GIVEN RECORDS
Start of Block

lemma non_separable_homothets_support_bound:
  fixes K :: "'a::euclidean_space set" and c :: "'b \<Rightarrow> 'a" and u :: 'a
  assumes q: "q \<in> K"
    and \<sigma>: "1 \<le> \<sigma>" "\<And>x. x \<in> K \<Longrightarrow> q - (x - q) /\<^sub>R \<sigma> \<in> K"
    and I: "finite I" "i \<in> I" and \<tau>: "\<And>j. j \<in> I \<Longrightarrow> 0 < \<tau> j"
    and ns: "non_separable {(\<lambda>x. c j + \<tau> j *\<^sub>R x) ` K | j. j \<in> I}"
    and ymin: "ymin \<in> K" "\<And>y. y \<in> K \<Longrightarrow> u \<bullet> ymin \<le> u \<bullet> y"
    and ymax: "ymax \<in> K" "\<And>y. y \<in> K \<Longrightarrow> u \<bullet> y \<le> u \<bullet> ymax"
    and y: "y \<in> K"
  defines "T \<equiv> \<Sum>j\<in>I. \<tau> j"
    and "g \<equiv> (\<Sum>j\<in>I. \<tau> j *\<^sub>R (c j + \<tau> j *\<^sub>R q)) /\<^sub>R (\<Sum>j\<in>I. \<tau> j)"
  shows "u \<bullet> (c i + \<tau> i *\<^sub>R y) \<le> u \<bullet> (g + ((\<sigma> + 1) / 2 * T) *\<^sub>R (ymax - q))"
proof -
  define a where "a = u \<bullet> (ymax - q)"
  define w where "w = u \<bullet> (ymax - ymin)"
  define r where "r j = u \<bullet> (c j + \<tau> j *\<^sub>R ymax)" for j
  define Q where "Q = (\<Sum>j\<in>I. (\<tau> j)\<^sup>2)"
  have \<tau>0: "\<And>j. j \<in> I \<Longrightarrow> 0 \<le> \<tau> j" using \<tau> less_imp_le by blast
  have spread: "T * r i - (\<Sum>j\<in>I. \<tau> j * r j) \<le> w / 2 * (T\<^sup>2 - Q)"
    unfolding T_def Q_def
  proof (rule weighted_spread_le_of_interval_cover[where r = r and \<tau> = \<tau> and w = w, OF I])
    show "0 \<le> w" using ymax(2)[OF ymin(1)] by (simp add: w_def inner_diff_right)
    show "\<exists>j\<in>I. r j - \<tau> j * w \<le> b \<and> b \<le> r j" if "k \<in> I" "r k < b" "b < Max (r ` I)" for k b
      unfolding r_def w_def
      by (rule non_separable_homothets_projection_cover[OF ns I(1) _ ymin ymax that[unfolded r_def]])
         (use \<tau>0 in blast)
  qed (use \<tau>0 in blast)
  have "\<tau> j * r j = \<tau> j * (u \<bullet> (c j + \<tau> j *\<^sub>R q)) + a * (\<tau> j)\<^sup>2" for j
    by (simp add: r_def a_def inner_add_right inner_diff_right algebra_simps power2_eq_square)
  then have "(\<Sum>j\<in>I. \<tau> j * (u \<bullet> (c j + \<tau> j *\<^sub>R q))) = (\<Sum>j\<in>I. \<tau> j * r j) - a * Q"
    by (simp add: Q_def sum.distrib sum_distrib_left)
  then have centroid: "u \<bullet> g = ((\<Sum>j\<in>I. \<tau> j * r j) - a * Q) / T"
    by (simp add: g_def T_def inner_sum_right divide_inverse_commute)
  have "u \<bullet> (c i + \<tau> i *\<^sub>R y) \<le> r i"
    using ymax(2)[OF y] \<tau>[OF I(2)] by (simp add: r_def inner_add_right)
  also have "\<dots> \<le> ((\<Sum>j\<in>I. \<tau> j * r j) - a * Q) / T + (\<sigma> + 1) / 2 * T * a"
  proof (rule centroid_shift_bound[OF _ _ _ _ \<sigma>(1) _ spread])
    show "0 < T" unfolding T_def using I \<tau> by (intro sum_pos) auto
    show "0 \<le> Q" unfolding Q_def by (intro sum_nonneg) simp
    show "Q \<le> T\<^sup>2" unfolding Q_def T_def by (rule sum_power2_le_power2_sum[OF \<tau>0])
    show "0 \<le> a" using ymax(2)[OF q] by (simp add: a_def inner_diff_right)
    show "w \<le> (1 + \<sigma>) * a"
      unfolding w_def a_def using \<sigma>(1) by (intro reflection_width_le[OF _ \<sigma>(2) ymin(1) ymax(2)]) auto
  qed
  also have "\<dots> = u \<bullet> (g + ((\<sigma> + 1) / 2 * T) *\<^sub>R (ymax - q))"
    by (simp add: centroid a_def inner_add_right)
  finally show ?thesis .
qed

End of Block

REQUIREMENT
Among the records above, only the lines between the line holding "u \<bullet> y \<le>" and the line holding "define w where", inclusive, are to be output, exactly as written.

PROBLEM SOLUTION
    and ymax: "ymax \<in> K" "\<And>y. y \<in> K \<Longrightarrow> u \<bullet> y \<le> u \<bullet> ymax"
    and y: "y \<in> K"
  defines "T \<equiv> \<Sum>j\<in>I. \<tau> j"
    and "g \<equiv> (\<Sum>j\<in>I. \<tau> j *\<^sub>R (c j + \<tau> j *\<^sub>R q)) /\<^sub>R (\<Sum>j\<in>I. \<tau> j)"
  shows "u \<bullet> (c i + \<tau> i *\<^sub>R y) \<le> u \<bullet> (g + ((\<sigma> + 1) / 2 * T) *\<^sub>R (ymax - q))"
proof -
  define a where "a = u \<bullet> (ymax - q)"
  define w where "w = u \<bullet> (ymax - ymin)"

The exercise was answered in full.